Somewhat to our surprise, we found that complete linkage (rather than average linkage) provided the most “ecologically consistent” OTUs. We are currently following up on this, and in several other tests we have seen that instead average linkage may perform best. In other words: our study corroborates the idea that (hierarchical) complete linkage clustering is a good choice if you want “ecologically consistent” OTUs.

As said above, this is one the one hand to shamelessly advertise the paper ;). On the other hand, I thought I would put it out here as this seems to be a great place to get some (critical) feedback on the work, and some discussion with people who demarcate OTUs from real-life datasets every day :slight_smile:



Hi Sebastian,

Glad to see you and others in the microbial community involve in solving this and many ecological questions.

You briefly acknowledged the importance to test this idea on data generated from partial 16S sequences (regions: v4 or v1-v3, etc). As you may aware the majority of the work we (i.e. the microbial ecologist community) produced and published generated this type of data (for now).

Do you performed some preliminary analysis or have an idea is this will be consistence (use of complete linkage) with the results you obtained with full length sequences?


Hi Vicente,

thanks for your feedback! :slight_smile:

The short answer: we didn’t run the same tests on shortread data, but we did some other tests.

We used a dataset of full-length sequences for several reasons:

(i) Every 16S subregion, or set of subregions, behaves (slightly) differently in OTU demarcation. This has been shown quite nicely e.g. by Patrick Schloss (PLOS Comp Biol, 2010) and also by Kim et al (Journal of Microbiol Methods, 2011). We wanted to design a broadly applicable test set that would not only be “true” for a subset of targeted subregions.

(ii) Depending on sequencing platform and pre-filtering, published shortread datasets can have highly divergent sequence length and sequence quality. We restricted our study to (near) full-length sequences and applied rather strict quality criteria, in order to obtain a consistently high-quality test set.

(iii) The dataset we used resembles in scope and pre-processing very much the reference sets provided e.g. by RDP, Greengenes and SILVA. These are used in many different contexts, e.g. also for ‘reference-based OTU picking’.

(iv) We wanted to use a dataset of very broad ecological scope. We could have composed our own test dataset from available shortread datasets, but that would have been (even more) biased towards individual environments. Instead, we grabbed all data for (high-quality, full-length) sequences available via GenBank / RefSeq.
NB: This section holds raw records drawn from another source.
(* Let $\mathcal{H}$ be a separable complex Hilbert space, $U$ a unitary operator on $\mathcal{H}$ with spectral measure $E(\cdot)$, and $\Omega\subset\mathbb{T}$ a Borel set. (a) If $\Omega^* = \Omega$, then $C(E(\Omega)\mathcal{H}) = E(\Omega)\mathcal{H}$ for every conjugation $C$ on $\mathcal{H}$ with $CUC = U$. (b) If $C$ is a conjugation on $\mathcal{H}$ with $CUC = U$ and $C(E(\Omega)\mathcal{H}) \subset E(\Omega)\mathcal{H}$, then $E(\Omega\setminus\Omega^* ) = 0$.
   Context: A conjugation on $\mathcal{H}$ is an antilinear, isometric map $C$ with $C^2 = I$. $E(\cdot)$ is the unique projection-valued spectral measure on $\mathbb{T}$ with $U = \int \xi\, dE(\xi)$. For a Borel set $\Omega\subset\mathbb{T}$, $\Omega^* = \{\overline{\xi}:\xi\in\Omega\}$. *)

theory Defs
  imports "HOL-Analysis.Analysis" "HOL-Probability.Probability"
begin

text \<open>A complex Hilbert space is modelled on an additive group type 'h by an explicit
complex scalar multiplication sm and an inner product ip (linear in the first,
conjugate-linear in the second argument). All topological notions are taken with
respect to the induced norm hnorm, not the (irrelevant) topology of the type.\<close>

definition hnorm :: "('h \<Rightarrow> 'h \<Rightarrow> complex) \<Rightarrow> 'h \<Rightarrow> real" where
  "hnorm ip x = sqrt (Re (ip x x))"

definition complex_vector_space :: "(complex \<Rightarrow> 'h::ab_group_add \<Rightarrow> 'h) \<Rightarrow> bool" where
  "complex_vector_space sm \<longleftrightarrow>
     (\<forall>a x y. sm a (x + y) = sm a x + sm a y) \<and>
     (\<forall>a b x. sm (a + b) x = sm a x + sm b x) \<and>
     (\<forall>a b x. sm a (sm b x) = sm (a * b) x) \<and>
     (\<forall>x. sm 1 x = x)"

definition inner_product :: "(complex \<Rightarrow> 'h::ab_group_add \<Rightarrow> 'h) \<Rightarrow> ('h \<Rightarrow> 'h \<Rightarrow> complex) \<Rightarrow> bool" where
  "inner_product sm ip \<longleftrightarrow>
     (\<forall>x y z. ip (x + y) z = ip x z + ip y z) \<and>
     (\<forall>a x y. ip (sm a x) y = a * ip x y) \<and>
     (\<forall>x y. ip y x = cnj (ip x y)) \<and>
     (\<forall>x. x \<noteq> 0 \<longrightarrow> Re (ip x x) > 0)"

definition hcomplete :: "('h::ab_group_add \<Rightarrow> 'h \<Rightarrow> complex) \<Rightarrow> bool" where
  "hcomplete ip \<longleftrightarrow>
     (\<forall>s :: nat \<Rightarrow> 'h. (\<forall>e>0. \<exists>N. \<forall>m\<ge>N. \<forall>n\<ge>N. hnorm ip (s m - s n) < e)
        \<longrightarrow> (\<exists>l. (\<lambda>n. hnorm ip (s n - l)) \<longlonglongrightarrow> 0))"

definition complex_hilbert_space :: "(complex \<Rightarrow> 'h::ab_group_add \<Rightarrow> 'h) \<Rightarrow> ('h \<Rightarrow> 'h \<Rightarrow> complex) \<Rightarrow> bool" where
  "complex_hilbert_space sm ip \<longleftrightarrow> complex_vector_space sm \<and> inner_product sm ip \<and> hcomplete ip"

definition hseparable :: "('h::ab_group_add \<Rightarrow> 'h \<Rightarrow> complex) \<Rightarrow> bool" where
  "hseparable ip \<longleftrightarrow> (\<exists>D. countable D \<and> (\<forall>x e. e > 0 \<longrightarrow> (\<exists>d\<in>D. hnorm ip (x - d) < e)))"

definition hlinear :: "(complex \<Rightarrow> 'h::ab_group_add \<Rightarrow> 'h) \<Rightarrow> ('h \<Rightarrow> 'h) \<Rightarrow> bool" where
  "hlinear sm T \<longleftrightarrow> (\<forall>x y. T (x + y) = T x + T y) \<and> (\<forall>a x. T (sm a x) = sm a (T x))"

definition hbounded :: "('h::ab_group_add \<Rightarrow> 'h \<Rightarrow> complex) \<Rightarrow> ('h \<Rightarrow> 'h) \<Rightarrow> bool" where
  "hbounded ip T \<longleftrightarrow> (\<exists>K. \<forall>x. hnorm ip (T x) \<le> K * hnorm ip x)"

definition unitary_op :: "(complex \<Rightarrow> 'h::ab_group_add \<Rightarrow> 'h) \<Rightarrow> ('h \<Rightarrow> 'h \<Rightarrow> complex) \<Rightarrow> ('h \<Rightarrow> 'h) \<Rightarrow> bool" where
  "unitary_op sm ip U \<longleftrightarrow> hlinear sm U \<and> surj U \<and> (\<forall>x y. ip (U x) (U y) = ip x y)"

definition conjugation :: "(complex \<Rightarrow> 'h::ab_group_add \<Rightarrow> 'h) \<Rightarrow> ('h \<Rightarrow> 'h \<Rightarrow> complex) \<Rightarrow> ('h \<Rightarrow> 'h) \<Rightarrow> bool" where
  "conjugation sm ip C \<longleftrightarrow>
     (\<forall>x y. C (x + y) = C x + C y) \<and> (\<forall>a x. C (sm a x) = sm (cnj a) (C x)) \<and>
     (\<forall>x. hnorm ip (C x) = hnorm ip x) \<and> (\<forall>x. C (C x) = x)"

definition borel_T :: "complex set set" where
  "borel_T = {A. A \<in> sets borel \<and> A \<subseteq> sphere 0 1}"

definition pv_measure :: "(complex \<Rightarrow> 'h::ab_group_add \<Rightarrow> 'h) \<Rightarrow> ('h \<Rightarrow> 'h \<Rightarrow> complex)
     \<Rightarrow> (complex set \<Rightarrow> 'h \<Rightarrow> 'h) \<Rightarrow> bool" where
  "pv_measure sm ip E \<longleftrightarrow>
     (\<forall>A\<in>borel_T. hlinear sm (E A) \<and> hbounded ip (E A) \<and>
        (\<forall>x. E A (E A x) = E A x) \<and> (\<forall>x y. ip (E A x) y = ip x (E A y))) \<and>
     (\<forall>x. E (sphere 0 1) x = x) \<and>
     (\<forall>A\<in>borel_T. \<forall>B\<in>borel_T. \<forall>x. E (A \<inter> B) x = E A (E B x)) \<and>
     (\<forall>A :: nat \<Rightarrow> complex set. (\<forall>i. A i \<in> borel_T) \<longrightarrow> disjoint_family A \<longrightarrow>
        (\<forall>x. (\<lambda>n. hnorm ip ((\<Sum>i<n. E (A i) x) - E (\<Union>i. A i) x)) \<longlonglongrightarrow> 0))"
lemma deriv_deg_mconst_mult_mpderiv:
  fixes w :: "'n::finite \<Rightarrow> real" and c :: "'a::comm_ring_1"
  assumes "c \<noteq> 0"
  shows "deriv_deg w (\<lambda>P. mconst c * mpderiv i P) = - ereal (w i)"
proof (rule antisym)
  show "deriv_deg w (\<lambda>P. mconst c * mpderiv i P) \<le> - ereal (w i)"
    unfolding deriv_deg_def
  proof (rule Sup_least, clarify)
    fix P :: "('n, 'a) mpoly"
    assume "P \<noteq> 0"
    have "wdeg w (mconst c * mpderiv i P) \<le> wdeg w P - ereal (w i)"
      using wdeg_mconst_mult_le wdeg_mpderiv_le by (rule order_trans)
    then show "wdeg w (mconst c * mpderiv i P) - wdeg w P \<le> - ereal (w i)"
      by (subst (asm) (1) wdeg_real[OF \<open>P \<noteq> 0\<close>], subst wdeg_real[OF \<open>P \<noteq> 0\<close>])
         (rule ereal_diff_le_uminus)
  qed
  have "mconst c * mpderiv i (mvar i) = Poly_Mapping.single 0 c"
    by (simp add: mpderiv_mvar mconst_def)
  then have "wdeg w (mconst c * mpderiv i (mvar i)) - wdeg w (mvar i :: ('n, 'a) mpoly) = - ereal (w i)"
    using assms by (simp add: wdeg_single wdeg_mvar)
  then show "- ereal (w i) \<le> deriv_deg w (\<lambda>P. mconst c * mpderiv i P)"
    using deriv_deg_ge[OF mvar_ne_zero, of w "\<lambda>P. mconst c * mpderiv i P" i] by simp
qed

text \<open>Any \<open>k\<close> will do. The witness is \<open>P = x\<^sub>k\<close>: after substituting \<open>\<Phi>\<close>, \<open>\<Delta>\<^sub>i(x\<^sub>k)\<close> becomes \<open>\<lambda>\<^sup>-\<^sup>1 \<partial>f\<^sub>k/\<partial>x\<^sub>i\<close>.\<close>
lemma exists_deriv_deg_jac_update_ge:
  fixes f g :: "'n::finite \<Rightarrow> ('n, 'a::{idom, ring_char_0}) mpoly"
  assumes w_pos: "\<forall>i. w i > 0"
    and inv1: "\<forall>i. msubst g (f i) = mvar i"
    and inv2: "\<forall>i. msubst f (g i) = mvar i"
    and jac_f: "jac f = mconst lam"
  shows "\<exists>i. - ereal (w i) \<le> deriv_deg (\<lambda>k. real_of_ereal (wdeg w (f k))) (\<lambda>P. jac (g(i := P)))"
proof -
  define d where "d = (\<lambda>k. real_of_ereal (wdeg w (f k)))"
  fix k :: 'n
  have nonconst: "f k \<noteq> mconst c" for c
    using inv1 mconst_ne_mvar msubst_mconst by metis
  then obtain i where i: "wdeg w (f k) \<le> wdeg w (mpderiv i (f k)) + ereal (w i)"
    using exists_wdeg_le_wdeg_mpderiv_add[OF w_pos] by blast
  have "mpderiv i (f k) = mconst lam * msubst f (jac (g(i := mvar k)))"
    using msubst_jac_update_mult_jac[OF inv2, of i "mvar k"] jac_f by (simp add: mult.commute)
  then have "wdeg w (mpderiv i (f k)) \<le> wdeg w (msubst f (jac (g(i := mvar k))))"
    by (simp add: wdeg_mconst_mult_le)
  also have "\<dots> \<le> wdeg d (jac (g(i := mvar k)))"
    unfolding d_def by (rule wdeg_msubst_le)
  finally have "wdeg w (mpderiv i (f k)) \<le> wdeg d (jac (g(i := mvar k)))" .
  with i have "ereal (d k) \<le> wdeg d (jac (g(i := mvar k))) + ereal (w i)"
    unfolding d_def using wdeg_real[of "f k" w] nonconst[of 0] by (auto intro: add_right_mono order_trans)
  then have "- ereal (w i) \<le> wdeg d (jac (g(i := mvar k))) - wdeg d (mvar k :: ('n, 'a) mpoly)"
    unfolding wdeg_mvar by (rule ereal_uminus_le_diff)
  also have "\<dots> \<le> deriv_deg d (\<lambda>P. jac (g(i := P)))"
    by (rule deriv_deg_ge[OF mvar_ne_zero])
  finally show ?thesis unfolding d_def by blast
qed

theorem lemma5:
  fixes w :: "'n::finite \<Rightarrow> real"
    and f g :: "'n \<Rightarrow> ('n, 'a::{alg_closed_field, field_char_0}) mpoly"
    and lam :: 'a
  assumes w_pos: "\<forall>i. w i > 0"
    and inv1: "\<forall>i. msubst g (f i) = mvar i"
    and inv2: "\<forall>i. msubst f (g i) = mvar i"
    and jac_f: "jac f = mconst lam"
  shows "\<exists>i. deriv_deg (\<lambda>k. real_of_ereal (wdeg w (f k))) (\<lambda>P. jac (g(i := P)))
               \<ge> deriv_deg w (\<lambda>P. mconst (inverse lam) * mpderiv i P)
           \<and> deriv_deg w (\<lambda>P. mconst (inverse lam) * mpderiv i P) = - ereal (w i)"
proof -
  have "lam \<noteq> 0"
    using msubst_jac_mult_jac_inverse[OF inv1] jac_f by auto
  obtain i where Delta: "- ereal (w i) \<le> deriv_deg (\<lambda>k. real_of_ereal (wdeg w (f k))) (\<lambda>P. jac (g(i := P)))"
    using exists_deriv_deg_jac_update_ge[OF w_pos inv1 inv2 jac_f] by blast
  have delta: "deriv_deg w (\<lambda>P. mconst (inverse lam) * mpderiv i P) = - ereal (w i)"
    using \<open>lam \<noteq> 0\<close> by (intro deriv_deg_mconst_mult_mpderiv) simp
  show ?thesis
    using Delta delta by (intro exI[of _ i] conjI) simp_all
qed

end
lemma remdups_minor:
  assumes "clone A F" "f \<in> F" "a \<in> tuples A (fst f)"
  obtains h where "h \<in> F" "fst h = card (set a)"
    and "\<And>\<rho>. \<rho> ` set a \<subseteq> A \<Longrightarrow> snd h (map \<rho> (remdups a)) = snd f (map \<rho> a)"
proof -
  define vs where "vs = remdups a"
  have "\<forall>y\<in>set a. \<exists>l<length vs. vs ! l = y" by (metis vs_def in_set_conv_nth set_remdups)
  then obtain idx where idx: "\<And>y. y \<in> set a \<Longrightarrow> idx y < length vs \<and> vs ! idx y = y" by metis
  have a: "length a = fst f" "set a \<subseteq> A" using assms(3) by (auto simp: tuples_def)
  define h where "h = minor_op A (length vs) f (\<lambda>l. idx (a ! l))"
  have "h \<in> F"
    unfolding h_def by (rule clone_minor_op[OF assms(1,2)]) (use idx a in auto)
  moreover have "fst h = card (set a)"
    by (simp add: h_def vs_def length_remdups_card_conv)
  moreover have "snd h (map \<rho> vs) = snd f (map \<rho> a)" if "\<rho> ` set a \<subseteq> A" for \<rho>
  proof -
    have "map \<rho> vs \<in> tuples A (length vs)" using that by (auto simp: tuples_def vs_def)
    moreover have "map (\<lambda>l. map \<rho> vs ! idx (a ! l)) [0..<fst f] = map \<rho> a"
      using idx a by (auto simp: list_eq_iff_nth_eq)
    ultimately show ?thesis by (simp add: h_def snd_minor_op)
  qed
  ultimately show ?thesis using that by (simp add: vs_def)
qed

lemma is_projection_below_clone_rank:
  assumes "f \<in> F" "enat (fst f) < clone_rank A F"
  shows "is_projection A f"
proof (rule ccontr)
  assume "\<not> is_projection A f"
  then have "clone_rank A F \<le> enat (fst f)"
    using assms(1) by (auto simp: clone_rank_def intro: Least_le)
  with assms(2) show False by simp
qed

section \<open>Ternary self-dual Boolean functions\<close>

definition maj3 :: "bool oper" where
  "maj3 = (3, \<lambda>xs. if length xs = 3
     then (xs ! 0 \<and> xs ! 1) \<or> (xs ! 0 \<and> xs ! 2) \<or> (xs ! 1 \<and> xs ! 2) else undefined)"

definition xor3 :: "bool oper" where
  "xor3 = (3, \<lambda>xs. if length xs = 3 then xs ! 0 \<noteq> (xs ! 1 \<noteq> xs ! 2) else undefined)"

lemma fst_maj3 [simp]: "fst maj3 = 3"
  by (simp add: maj3_def)

lemma fst_xor3 [simp]: "fst xor3 = 3"
  by (simp add: xor3_def)

lemma snd_maj3: "snd maj3 [x, y, z] = ((x \<and> y) \<or> (x \<and> z) \<or> (y \<and> z))"
  by (simp add: maj3_def)

lemma snd_xor3: "snd xor3 [x, y, z] = (x \<noteq> (y \<noteq> z))"
  by (simp add: xor3_def)

lemma is_op_maj3: "is_op UNIV maj3"
  by (auto simp: is_op_def maj3_def)

lemma is_op_xor3: "is_op UNIV xor3"
  by (auto simp: is_op_def xor3_def)

lemma length_3_cases:
  assumes "length xs = 3"
  obtains x y z where "xs = [x, y, z]"
  using assms by (auto simp: numeral_3_eq_3 length_Suc_conv)

lemma ternary_bool_op_eqI:
  assumes "is_op UNIV g" "is_op UNIV h" "fst g = 3" "fst h = 3"
    and "\<And>x y z. snd g [x, y, z] = snd h [x, y, z]"
  shows "g = h"
  by (rule is_op_UNIV_eqI) (use assms in \<open>auto elim: length_3_cases\<close>)

lemma O1_ternary_eval:
  assumes "g \<in> O1" "fst g = 3"
  shows "\<exists>i<3. \<forall>x y z. snd g [x, y, z] = [x, y, z] ! i"
  using assms by (auto simp: O1_def snd_proj)

lemma maj3_notin_O1: "maj3 \<notin> O1"
proof
  assume "maj3 \<in> O1"
  then obtain i where i: "i < 3" "\<forall>x y z. snd maj3 [x, y, z] = [x, y, z] ! i"
    using O1_ternary_eval[OF _ fst_maj3] by blast
  from i(2) have "snd maj3 [True, False, False] = [True, False, False] ! i"
    and "snd maj3 [False, True, False] = [False, True, False] ! i"
    and "snd maj3 [False, False, True] = [False, False, True] ! i" by blast+
  with i(1) show False
    by (auto simp: snd_maj3 numeral_3_eq_3 less_Suc_eq)
qed

lemma xor3_notin_O1: "xor3 \<notin> O1"
proof
  assume "xor3 \<in> O1"
  then obtain i where i: "i < 3" "\<forall>x y z. snd xor3 [x, y, z] = [x, y, z] ! i"
    using O1_ternary_eval[OF _ fst_xor3] by blast
  from i(2) have "snd xor3 [True, True, False] = [True, True, False] ! i"
    and "snd xor3 [False, True, True] = [False, True, True] ! i" by blast+
  with i(1) show False
    by (auto simp: snd_xor3 numeral_3_eq_3 less_Suc_eq)
qed

lemma D1_ternary_eval:
  assumes "g \<in> D1" "fst g = 3"
  shows "snd g [x, y, z] =
    (if y = z then (if x = y then x else x = snd g [True, False, False])
     else if x = z then y = snd g [False, True, False]
     else z = snd g [False, False, True])"
proof -
  have "\<forall>xs. length xs = 3 \<longrightarrow> snd g (map Not xs) = (\<not> snd g xs)"
    using assms by (auto simp: D1_def self_dual_def)
  from this[rule_format, of "[_, _, _]"]
  have dual: "snd g [\<not> a, \<not> b, \<not> c] = (\<not> snd g [a, b, c])" for a b c
    by simp
  have "snd g [False, False, False] = False"
    using assms by (simp add: D1_def numeral_3_eq_3)
  then show ?thesis
    using dual[of False False False] dual[of True False False] dual[of False True False]
      dual[of False False True]
    by (cases x; cases y; cases z) auto
qed

lemma D1_ternary_eq_maj3:
  assumes "g \<in> D1" "fst g = 3" "\<not> snd g [True, False, False]"
    and "\<not> snd g [False, True, False]" "\<not> snd g [False, False, True]"
  shows "g = maj3"
proof (rule ternary_bool_op_eqI)
  fix x y z
  show "snd g [x, y, z] = snd maj3 [x, y, z]"
    using D1_ternary_eval[OF assms(1,2), of x y z] assms(3-5)
    by (cases x; cases y; cases z) (auto simp: snd_maj3)
qed (use assms in \<open>auto simp: D1_def is_op_maj3\<close>)

lemma D1_ternary_eq_xor3:
  assumes "g \<in> D1" "fst g = 3" "snd g [True, False, False]"
    and "snd g [False, True, False]" "snd g [False, False, True]"
  shows "g = xor3"
proof (rule ternary_bool_op_eqI)
  fix x y z
  show "snd g [x, y, z] = snd xor3 [x, y, z]"
    using D1_ternary_eval[OF assms(1,2), of x y z] assms(3-5)
    by (cases x; cases y; cases z) (auto simp: snd_xor3)
qed (use assms in \<open>auto simp: D1_def is_op_xor3\<close>)

definition rot3 :: "bool oper \<Rightarrow> bool oper" where
  "rot3 g = minor_op UNIV 3 g (\<lambda>i. Suc i mod 3)"

lemma fst_rot3 [simp]: "fst (rot3 g) = 3"
  by (simp add: rot3_def)

lemma snd_rot3: "fst g = 3 \<Longrightarrow> snd (rot3 g) [x, y, z] = snd g [y, z, x]"
  by (simp add: rot3_def snd_minor_op upt_rec)

lemma rot3_in_clone: "clone UNIV C \<Longrightarrow> g \<in> C \<Longrightarrow> fst g = 3 \<Longrightarrow> rot3 g \<in> C"
  unfolding rot3_def by (rule clone_minor_op) auto
(* Let $a,b,c,d,e\in\mathbb C$ with $a\notin\mathbb Z$ and $e\notin\{0,-1,-2,\dots\}$. Then, as an identity of formal power series in $x,y$, $$F(a,b;e;x)\,F(c,d;1-a;y)=H_2(a,b,c,d;e;x,-y)+\sum_{k=1}^\infty\sum_{l=1}^k\frac{(k-1)!}{(l-1)!\,l!\,(k-l)!}\,\frac{(-1)^{k-l}(b)_l(c)_k(d)_k}{(1-a)_k(1-a)_{k-l}(e)_l}\,x^ly^k\,H_2(a-k+l,b+l,c+k,d+k;e+l;x,-y).$$
   Context: Pochhammer symbol: $(\lambda)_k=\Gamma(\lambda+k)/\Gamma(\lambda)$ for every integer $k$ (possibly negative) whenever defined; $(\lambda)_0=1$. Gauss function $F(a,b;c;x)=\sum_{k\ge0}\frac{(a)_k(b)_k}{(c)_k k!}x^k$. Horn's function $H_2(a,b,c,d;e;x,y)=\sum_{p,q\ge0}\frac{(a)_{p-q}(b)_p(c)_q(d)_q}{(e)_p\,p!\,q!}x^py^q$. All functions are regarded as formal power series in $x,y$; the infinite double sum converges in the formal (degree) topology. *)

theory Defs
  imports "HOL-Analysis.Analysis"
begin

text \<open>Formal power series in two variables x, y over the complex numbers,
  represented by their coefficient function: f p q is the coefficient of x^p y^q.\<close>
type_synonym fps2 = "nat \<Rightarrow> nat \<Rightarrow> complex"

text \<open>Pochhammer symbol with an integer index:
  (lam)_k = Gamma(lam+k)/Gamma(lam); for k = -m < 0 this is 1/((lam-1)...(lam-m)).\<close>
definition poch_int :: "complex \<Rightarrow> int \<Rightarrow> complex" where
  "poch_int lam k = (if 0 \<le> k then pochhammer lam (nat k)
                     else inverse (pochhammer (lam + of_int k) (nat (- k))))"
(v) I’m not expert on sequencing technology, but from what I hear the next generation of platforms (or is it next-next-gen in the meantime, or next-next-next-gen?!) will achieve read lengths of ≥1,000 bp. Hopefully, full-length 16S sequencing at very high throughput will soon be possible.

Nevertheless, we had repeated a very similar analysis as detailed in the paper on shortread sequences (V23, V35 and V6), extracted from the full-length dataset. Results were consistent.

Moreover, I have in the meantime looked into a couple of other factors regarding shortread clustering. The results are unpublished, but they point to hierarchical complete and average linkage clustering as being very reasonable choices.